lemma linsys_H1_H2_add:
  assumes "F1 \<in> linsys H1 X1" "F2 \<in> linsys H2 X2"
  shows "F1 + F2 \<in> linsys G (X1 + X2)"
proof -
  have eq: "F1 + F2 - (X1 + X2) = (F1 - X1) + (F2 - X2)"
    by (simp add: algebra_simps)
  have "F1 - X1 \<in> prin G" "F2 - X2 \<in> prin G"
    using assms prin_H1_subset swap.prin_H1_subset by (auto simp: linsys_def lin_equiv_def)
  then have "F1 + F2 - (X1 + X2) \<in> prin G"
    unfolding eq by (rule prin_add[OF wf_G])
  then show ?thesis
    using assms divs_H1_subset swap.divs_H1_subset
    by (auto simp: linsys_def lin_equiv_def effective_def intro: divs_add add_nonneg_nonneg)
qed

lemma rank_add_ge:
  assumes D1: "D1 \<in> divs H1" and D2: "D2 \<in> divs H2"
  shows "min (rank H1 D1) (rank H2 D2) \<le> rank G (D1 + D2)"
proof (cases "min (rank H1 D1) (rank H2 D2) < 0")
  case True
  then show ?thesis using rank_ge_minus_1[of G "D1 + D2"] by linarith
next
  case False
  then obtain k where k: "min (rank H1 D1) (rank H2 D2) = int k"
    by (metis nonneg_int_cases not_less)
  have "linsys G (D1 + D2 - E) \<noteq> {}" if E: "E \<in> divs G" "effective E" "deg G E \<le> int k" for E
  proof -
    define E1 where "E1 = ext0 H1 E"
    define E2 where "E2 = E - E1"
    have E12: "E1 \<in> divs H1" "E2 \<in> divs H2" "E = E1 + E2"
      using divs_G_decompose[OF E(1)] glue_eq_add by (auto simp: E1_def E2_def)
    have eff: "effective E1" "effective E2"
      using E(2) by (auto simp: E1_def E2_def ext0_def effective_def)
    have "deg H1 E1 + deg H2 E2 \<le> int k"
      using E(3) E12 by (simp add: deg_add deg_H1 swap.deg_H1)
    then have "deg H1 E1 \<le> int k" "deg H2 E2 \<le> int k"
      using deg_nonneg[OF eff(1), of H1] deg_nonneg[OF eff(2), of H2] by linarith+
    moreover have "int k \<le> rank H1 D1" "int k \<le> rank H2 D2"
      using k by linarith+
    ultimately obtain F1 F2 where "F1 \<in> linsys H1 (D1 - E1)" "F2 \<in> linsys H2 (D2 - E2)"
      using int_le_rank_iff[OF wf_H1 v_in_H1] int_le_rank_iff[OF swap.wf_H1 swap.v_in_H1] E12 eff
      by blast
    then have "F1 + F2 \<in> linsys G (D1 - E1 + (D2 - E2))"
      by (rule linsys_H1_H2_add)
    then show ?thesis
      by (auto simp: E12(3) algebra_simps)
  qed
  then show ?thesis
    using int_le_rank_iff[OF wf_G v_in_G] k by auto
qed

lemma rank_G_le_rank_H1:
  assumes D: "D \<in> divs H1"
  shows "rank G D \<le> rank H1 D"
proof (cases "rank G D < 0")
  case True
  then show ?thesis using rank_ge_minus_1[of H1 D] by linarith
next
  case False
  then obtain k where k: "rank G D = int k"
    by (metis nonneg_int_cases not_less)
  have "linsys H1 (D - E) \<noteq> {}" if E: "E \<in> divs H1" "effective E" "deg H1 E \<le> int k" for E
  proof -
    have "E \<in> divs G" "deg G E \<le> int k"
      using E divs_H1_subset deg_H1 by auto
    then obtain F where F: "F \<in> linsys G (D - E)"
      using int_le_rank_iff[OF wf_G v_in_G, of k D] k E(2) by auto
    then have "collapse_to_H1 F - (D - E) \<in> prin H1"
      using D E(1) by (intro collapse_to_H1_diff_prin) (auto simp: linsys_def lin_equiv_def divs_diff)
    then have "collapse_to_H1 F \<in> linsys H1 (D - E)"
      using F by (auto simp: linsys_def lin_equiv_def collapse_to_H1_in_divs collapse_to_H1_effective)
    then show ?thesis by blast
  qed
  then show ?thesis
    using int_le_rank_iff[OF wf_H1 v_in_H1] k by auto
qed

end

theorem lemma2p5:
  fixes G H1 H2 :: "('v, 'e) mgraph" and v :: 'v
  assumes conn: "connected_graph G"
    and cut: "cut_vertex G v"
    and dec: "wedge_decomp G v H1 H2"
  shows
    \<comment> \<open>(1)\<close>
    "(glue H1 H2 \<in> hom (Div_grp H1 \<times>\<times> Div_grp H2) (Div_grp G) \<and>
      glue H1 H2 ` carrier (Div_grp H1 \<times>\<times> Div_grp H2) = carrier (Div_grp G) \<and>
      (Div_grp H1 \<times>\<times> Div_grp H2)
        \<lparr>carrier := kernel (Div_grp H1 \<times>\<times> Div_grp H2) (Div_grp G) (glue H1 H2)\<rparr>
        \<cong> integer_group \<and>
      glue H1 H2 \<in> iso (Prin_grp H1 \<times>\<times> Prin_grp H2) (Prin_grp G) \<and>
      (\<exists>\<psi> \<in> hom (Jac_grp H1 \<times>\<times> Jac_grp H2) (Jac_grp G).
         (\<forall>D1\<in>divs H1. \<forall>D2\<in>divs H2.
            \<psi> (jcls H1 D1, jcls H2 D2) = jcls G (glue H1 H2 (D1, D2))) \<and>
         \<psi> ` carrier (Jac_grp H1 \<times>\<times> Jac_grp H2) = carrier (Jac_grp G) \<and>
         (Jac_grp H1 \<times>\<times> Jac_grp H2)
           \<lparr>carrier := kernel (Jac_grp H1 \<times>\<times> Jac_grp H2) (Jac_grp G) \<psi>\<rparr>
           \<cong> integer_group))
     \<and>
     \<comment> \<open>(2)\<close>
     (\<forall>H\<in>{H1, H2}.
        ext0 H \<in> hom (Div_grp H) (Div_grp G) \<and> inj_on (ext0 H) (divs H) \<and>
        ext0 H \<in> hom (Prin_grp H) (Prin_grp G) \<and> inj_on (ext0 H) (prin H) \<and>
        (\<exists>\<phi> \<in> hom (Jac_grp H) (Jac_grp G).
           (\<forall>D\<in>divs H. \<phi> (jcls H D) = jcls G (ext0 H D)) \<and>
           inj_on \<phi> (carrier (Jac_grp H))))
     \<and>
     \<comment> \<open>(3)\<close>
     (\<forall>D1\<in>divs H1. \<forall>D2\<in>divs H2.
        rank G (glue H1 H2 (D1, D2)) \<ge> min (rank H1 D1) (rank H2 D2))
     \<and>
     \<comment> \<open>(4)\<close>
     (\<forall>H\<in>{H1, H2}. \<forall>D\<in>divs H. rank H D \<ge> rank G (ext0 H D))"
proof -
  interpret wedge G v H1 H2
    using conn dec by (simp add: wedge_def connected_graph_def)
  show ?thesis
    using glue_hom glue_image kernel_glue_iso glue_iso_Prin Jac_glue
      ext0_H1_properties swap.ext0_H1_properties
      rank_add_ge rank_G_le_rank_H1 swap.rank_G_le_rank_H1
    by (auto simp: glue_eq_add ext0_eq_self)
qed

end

- - - -

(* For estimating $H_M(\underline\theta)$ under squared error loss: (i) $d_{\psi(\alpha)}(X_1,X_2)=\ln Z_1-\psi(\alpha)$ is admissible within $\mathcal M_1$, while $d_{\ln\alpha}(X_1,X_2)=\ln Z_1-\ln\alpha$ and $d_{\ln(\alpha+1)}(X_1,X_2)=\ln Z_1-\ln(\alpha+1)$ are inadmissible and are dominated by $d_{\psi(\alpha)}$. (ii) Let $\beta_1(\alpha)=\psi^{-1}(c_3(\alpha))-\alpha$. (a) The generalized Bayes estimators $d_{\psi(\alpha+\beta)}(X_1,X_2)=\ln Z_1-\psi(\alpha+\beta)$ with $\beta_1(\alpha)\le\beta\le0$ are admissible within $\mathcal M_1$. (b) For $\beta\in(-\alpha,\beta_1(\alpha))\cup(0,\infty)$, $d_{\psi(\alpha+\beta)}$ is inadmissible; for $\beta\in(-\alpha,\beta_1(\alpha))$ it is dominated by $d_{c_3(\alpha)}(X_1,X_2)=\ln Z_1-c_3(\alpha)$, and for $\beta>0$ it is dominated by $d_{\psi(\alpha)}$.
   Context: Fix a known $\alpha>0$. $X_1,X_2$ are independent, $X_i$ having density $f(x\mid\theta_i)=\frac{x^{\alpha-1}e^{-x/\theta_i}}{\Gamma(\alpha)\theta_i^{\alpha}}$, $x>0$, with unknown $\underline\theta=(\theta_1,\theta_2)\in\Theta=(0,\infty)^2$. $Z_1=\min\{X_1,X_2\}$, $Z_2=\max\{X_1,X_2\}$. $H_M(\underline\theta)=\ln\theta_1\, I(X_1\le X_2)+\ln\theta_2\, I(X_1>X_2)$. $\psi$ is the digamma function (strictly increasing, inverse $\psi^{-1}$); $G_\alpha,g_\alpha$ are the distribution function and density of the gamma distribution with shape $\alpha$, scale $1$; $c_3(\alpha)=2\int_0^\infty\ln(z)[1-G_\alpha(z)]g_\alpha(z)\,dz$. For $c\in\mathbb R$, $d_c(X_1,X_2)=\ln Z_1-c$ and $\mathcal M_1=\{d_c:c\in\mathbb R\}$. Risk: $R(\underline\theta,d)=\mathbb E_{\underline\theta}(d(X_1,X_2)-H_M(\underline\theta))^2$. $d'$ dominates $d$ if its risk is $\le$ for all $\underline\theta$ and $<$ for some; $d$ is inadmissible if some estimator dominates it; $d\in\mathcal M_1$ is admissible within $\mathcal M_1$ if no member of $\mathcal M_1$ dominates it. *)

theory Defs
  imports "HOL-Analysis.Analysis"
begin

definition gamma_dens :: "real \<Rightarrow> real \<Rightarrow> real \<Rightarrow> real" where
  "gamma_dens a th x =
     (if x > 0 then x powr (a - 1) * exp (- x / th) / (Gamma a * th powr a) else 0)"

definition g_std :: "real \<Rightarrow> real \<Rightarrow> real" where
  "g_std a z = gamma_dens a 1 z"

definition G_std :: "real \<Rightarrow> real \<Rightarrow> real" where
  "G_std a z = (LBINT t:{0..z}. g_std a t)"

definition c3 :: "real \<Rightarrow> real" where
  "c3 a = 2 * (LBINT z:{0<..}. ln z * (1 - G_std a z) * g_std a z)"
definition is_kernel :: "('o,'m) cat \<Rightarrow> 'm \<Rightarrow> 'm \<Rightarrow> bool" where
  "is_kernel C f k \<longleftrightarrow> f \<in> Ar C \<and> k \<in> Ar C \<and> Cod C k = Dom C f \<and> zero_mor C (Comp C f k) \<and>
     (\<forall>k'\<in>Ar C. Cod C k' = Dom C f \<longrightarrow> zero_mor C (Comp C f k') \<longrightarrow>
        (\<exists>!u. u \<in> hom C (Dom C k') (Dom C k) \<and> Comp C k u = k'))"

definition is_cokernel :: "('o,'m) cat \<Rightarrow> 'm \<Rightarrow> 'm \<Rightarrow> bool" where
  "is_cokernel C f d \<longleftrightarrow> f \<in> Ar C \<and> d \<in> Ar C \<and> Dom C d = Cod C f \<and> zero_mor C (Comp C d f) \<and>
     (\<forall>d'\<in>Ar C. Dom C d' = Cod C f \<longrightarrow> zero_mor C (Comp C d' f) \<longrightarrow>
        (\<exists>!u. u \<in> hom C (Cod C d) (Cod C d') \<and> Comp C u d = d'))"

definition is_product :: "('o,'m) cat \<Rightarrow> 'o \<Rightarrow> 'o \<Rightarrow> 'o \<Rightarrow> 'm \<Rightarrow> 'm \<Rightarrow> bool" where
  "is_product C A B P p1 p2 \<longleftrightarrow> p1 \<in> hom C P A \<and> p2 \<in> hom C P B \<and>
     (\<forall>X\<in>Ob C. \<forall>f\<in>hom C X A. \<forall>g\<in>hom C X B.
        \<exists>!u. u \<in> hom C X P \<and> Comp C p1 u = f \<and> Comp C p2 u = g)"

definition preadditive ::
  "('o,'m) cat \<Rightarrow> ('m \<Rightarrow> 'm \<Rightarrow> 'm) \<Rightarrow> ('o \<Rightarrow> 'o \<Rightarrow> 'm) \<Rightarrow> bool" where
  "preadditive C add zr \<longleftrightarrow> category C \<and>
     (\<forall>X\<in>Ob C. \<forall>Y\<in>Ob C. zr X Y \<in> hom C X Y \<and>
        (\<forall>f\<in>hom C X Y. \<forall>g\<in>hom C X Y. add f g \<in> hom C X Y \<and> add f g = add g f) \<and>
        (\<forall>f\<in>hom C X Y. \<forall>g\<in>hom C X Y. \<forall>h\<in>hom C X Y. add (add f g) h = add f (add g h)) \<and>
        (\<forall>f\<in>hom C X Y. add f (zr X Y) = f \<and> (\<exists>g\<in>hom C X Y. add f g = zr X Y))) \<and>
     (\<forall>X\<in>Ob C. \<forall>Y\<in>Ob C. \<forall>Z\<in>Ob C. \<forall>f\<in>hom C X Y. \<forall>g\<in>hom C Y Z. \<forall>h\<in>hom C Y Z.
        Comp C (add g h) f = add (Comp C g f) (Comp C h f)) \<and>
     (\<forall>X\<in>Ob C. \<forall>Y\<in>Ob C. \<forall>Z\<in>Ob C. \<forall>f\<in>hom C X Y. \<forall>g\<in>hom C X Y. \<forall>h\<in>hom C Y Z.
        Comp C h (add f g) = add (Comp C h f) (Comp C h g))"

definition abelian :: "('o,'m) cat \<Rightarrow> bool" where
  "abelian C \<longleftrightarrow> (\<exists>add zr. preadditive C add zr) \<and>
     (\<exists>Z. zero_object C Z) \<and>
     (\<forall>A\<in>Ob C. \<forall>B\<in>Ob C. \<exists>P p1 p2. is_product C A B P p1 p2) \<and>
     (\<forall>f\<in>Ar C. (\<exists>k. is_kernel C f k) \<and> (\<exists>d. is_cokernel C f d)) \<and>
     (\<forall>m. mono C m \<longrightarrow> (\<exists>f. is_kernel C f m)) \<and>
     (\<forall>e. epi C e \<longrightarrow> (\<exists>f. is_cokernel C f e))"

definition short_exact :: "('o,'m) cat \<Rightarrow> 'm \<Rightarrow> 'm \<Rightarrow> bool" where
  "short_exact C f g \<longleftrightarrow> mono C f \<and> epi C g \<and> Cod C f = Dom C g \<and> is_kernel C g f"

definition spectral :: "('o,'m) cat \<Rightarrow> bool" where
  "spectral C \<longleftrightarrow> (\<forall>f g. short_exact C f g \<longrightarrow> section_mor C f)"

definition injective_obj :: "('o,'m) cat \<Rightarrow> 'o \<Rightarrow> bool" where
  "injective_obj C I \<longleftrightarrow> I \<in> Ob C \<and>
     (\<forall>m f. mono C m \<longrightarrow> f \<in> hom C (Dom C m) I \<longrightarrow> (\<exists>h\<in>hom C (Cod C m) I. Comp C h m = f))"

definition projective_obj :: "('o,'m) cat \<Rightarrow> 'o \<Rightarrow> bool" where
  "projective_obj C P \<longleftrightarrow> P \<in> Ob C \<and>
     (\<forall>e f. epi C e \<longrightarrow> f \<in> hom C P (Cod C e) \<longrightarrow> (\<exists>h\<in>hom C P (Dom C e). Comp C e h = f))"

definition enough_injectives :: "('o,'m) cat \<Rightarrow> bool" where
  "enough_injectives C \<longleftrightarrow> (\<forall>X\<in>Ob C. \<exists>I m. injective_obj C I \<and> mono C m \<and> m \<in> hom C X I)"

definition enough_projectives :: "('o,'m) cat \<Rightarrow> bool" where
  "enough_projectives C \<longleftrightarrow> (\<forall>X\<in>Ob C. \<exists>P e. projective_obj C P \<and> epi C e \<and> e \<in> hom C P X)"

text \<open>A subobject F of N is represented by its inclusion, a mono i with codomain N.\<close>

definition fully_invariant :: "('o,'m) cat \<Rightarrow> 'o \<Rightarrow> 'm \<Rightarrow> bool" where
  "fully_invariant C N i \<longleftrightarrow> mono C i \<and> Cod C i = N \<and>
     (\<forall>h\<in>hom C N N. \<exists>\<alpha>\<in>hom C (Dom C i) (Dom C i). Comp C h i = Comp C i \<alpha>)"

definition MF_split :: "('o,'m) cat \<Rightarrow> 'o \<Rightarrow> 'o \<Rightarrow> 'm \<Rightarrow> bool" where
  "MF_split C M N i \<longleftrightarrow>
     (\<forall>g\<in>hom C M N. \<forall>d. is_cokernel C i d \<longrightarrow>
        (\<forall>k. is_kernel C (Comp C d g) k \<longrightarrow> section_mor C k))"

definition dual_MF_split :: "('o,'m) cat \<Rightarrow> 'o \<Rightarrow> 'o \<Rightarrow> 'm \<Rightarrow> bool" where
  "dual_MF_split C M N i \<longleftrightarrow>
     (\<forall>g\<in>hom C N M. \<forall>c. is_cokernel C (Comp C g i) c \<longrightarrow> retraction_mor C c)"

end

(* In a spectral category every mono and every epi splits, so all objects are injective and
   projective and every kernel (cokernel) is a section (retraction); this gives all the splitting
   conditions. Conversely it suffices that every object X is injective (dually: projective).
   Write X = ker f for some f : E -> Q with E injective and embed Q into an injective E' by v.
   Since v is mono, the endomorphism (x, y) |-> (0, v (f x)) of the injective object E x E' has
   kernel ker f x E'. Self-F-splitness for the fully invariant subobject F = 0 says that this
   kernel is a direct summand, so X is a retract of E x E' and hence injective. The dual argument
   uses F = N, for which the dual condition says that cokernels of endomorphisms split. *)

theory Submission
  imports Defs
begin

- - - -

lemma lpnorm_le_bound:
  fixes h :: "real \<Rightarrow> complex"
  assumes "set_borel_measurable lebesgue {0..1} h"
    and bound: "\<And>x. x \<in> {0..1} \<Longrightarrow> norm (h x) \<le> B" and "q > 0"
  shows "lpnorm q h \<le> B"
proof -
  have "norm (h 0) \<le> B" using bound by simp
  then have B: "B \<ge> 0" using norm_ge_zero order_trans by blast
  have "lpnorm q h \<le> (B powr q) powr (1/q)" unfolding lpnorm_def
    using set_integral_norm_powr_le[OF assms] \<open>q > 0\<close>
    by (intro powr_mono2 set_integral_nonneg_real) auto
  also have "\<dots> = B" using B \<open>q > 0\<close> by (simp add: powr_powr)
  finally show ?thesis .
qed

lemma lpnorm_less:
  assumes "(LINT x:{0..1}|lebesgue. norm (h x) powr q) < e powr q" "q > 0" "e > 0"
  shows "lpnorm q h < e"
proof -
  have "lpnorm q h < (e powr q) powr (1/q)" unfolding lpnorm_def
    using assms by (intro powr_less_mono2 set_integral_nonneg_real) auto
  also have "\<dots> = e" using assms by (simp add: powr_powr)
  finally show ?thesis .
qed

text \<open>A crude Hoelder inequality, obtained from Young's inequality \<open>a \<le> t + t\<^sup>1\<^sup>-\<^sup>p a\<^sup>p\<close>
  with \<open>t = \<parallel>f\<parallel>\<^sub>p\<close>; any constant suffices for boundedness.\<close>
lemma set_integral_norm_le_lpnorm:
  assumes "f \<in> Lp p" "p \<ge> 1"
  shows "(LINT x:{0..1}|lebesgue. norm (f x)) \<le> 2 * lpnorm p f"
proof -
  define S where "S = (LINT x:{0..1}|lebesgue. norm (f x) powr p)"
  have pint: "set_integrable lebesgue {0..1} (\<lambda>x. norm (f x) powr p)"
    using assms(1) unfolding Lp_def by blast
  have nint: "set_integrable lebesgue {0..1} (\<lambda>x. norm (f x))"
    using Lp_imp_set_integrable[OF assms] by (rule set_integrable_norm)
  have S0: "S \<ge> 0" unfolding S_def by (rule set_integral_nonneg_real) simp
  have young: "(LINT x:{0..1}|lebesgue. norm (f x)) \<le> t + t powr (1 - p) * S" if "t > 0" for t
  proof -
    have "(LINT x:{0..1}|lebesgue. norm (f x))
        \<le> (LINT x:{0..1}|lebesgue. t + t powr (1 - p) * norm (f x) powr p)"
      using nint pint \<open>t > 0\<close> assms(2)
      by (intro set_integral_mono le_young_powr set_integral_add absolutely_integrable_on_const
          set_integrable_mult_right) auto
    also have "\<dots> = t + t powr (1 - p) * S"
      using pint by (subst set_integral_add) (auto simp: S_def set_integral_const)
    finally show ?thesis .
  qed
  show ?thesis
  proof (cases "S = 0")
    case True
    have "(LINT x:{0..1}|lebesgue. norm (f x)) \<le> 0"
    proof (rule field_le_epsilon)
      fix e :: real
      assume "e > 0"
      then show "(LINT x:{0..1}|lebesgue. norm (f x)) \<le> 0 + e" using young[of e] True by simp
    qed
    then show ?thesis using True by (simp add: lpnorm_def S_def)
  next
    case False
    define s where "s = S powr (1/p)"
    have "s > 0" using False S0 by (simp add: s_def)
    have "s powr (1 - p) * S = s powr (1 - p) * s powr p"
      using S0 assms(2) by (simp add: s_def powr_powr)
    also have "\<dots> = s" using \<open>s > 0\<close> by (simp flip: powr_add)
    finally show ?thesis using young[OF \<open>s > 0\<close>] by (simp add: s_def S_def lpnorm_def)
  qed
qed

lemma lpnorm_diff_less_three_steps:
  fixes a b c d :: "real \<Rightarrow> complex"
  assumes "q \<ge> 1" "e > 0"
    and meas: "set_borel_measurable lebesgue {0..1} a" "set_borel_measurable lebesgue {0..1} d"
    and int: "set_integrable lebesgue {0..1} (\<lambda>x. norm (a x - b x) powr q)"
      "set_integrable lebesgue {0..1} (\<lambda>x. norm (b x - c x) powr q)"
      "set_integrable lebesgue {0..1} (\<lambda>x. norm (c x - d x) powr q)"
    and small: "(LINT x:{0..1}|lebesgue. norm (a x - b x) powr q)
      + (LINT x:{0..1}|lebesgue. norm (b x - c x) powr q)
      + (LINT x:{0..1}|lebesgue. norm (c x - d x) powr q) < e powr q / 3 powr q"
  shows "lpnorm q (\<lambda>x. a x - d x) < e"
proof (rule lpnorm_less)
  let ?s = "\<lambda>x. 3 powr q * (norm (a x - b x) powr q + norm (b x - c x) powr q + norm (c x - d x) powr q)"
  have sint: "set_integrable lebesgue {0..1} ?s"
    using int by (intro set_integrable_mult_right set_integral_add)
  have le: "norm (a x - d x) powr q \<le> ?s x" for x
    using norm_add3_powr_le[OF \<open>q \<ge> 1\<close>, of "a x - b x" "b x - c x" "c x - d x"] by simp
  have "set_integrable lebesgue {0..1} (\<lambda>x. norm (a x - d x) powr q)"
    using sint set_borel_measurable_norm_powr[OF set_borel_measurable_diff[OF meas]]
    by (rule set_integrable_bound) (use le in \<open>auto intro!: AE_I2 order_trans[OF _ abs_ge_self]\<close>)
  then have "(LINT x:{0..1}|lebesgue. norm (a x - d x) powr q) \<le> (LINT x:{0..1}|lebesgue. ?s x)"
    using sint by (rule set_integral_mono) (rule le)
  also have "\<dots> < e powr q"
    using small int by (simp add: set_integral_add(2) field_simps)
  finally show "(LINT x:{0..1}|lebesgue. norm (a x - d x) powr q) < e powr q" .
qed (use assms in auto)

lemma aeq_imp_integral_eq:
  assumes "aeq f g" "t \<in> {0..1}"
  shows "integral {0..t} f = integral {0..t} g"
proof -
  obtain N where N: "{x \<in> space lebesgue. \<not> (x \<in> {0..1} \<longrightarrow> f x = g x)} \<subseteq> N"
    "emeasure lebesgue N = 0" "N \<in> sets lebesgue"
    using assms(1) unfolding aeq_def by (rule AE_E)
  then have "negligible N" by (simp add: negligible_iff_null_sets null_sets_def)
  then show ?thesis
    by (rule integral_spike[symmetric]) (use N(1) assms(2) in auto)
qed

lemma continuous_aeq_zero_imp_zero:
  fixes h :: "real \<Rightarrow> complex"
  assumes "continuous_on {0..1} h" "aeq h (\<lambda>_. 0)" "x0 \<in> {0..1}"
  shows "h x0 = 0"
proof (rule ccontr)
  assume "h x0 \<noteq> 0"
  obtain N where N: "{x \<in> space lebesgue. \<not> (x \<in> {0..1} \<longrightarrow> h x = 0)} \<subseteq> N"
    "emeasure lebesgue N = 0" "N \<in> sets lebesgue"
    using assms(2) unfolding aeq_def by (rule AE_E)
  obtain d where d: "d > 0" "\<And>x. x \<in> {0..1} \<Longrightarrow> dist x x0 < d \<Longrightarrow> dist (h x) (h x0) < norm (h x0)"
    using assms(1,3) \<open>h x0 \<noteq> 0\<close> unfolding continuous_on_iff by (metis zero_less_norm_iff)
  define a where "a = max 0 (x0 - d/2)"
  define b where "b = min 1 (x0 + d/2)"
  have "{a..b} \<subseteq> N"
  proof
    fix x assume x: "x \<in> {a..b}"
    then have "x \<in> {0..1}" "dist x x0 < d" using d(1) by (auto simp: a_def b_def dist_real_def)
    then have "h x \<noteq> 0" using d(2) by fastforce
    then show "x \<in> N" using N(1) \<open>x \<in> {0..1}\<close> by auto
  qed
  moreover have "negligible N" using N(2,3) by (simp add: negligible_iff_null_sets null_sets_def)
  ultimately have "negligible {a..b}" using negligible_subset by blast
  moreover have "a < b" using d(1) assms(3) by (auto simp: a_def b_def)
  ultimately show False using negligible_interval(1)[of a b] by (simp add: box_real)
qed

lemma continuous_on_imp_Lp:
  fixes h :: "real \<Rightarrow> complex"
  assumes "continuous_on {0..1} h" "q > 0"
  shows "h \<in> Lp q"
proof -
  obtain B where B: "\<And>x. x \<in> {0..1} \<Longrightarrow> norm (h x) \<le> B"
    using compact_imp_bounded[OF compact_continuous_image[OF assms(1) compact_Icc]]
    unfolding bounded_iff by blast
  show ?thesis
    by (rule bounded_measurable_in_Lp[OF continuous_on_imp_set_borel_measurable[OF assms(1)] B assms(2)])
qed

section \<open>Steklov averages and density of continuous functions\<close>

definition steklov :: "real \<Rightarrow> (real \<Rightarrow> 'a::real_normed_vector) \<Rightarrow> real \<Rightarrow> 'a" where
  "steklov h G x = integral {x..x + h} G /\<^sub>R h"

- - - -

◆ **Action item**:
Write out exactly the lines that fall from the line with "H2 D2) = int" to the line with "using E(2) by" in the records above, keeping both ends.

◆ **Result below**:
  then obtain k where k: "min (rank H1 D1) (rank H2 D2) = int k"
    by (metis nonneg_int_cases not_less)
  have "linsys G (D1 + D2 - E) \<noteq> {}" if E: "E \<in> divs G" "effective E" "deg G E \<le> int k" for E
  proof -
    define E1 where "E1 = ext0 H1 E"
    define E2 where "E2 = E - E1"
    have E12: "E1 \<in> divs H1" "E2 \<in> divs H2" "E = E1 + E2"
      using divs_G_decompose[OF E(1)] glue_eq_add by (auto simp: E1_def E2_def)
    have eff: "effective E1" "effective E2"
      using E(2) by (auto simp: E1_def E2_def ext0_def effective_def)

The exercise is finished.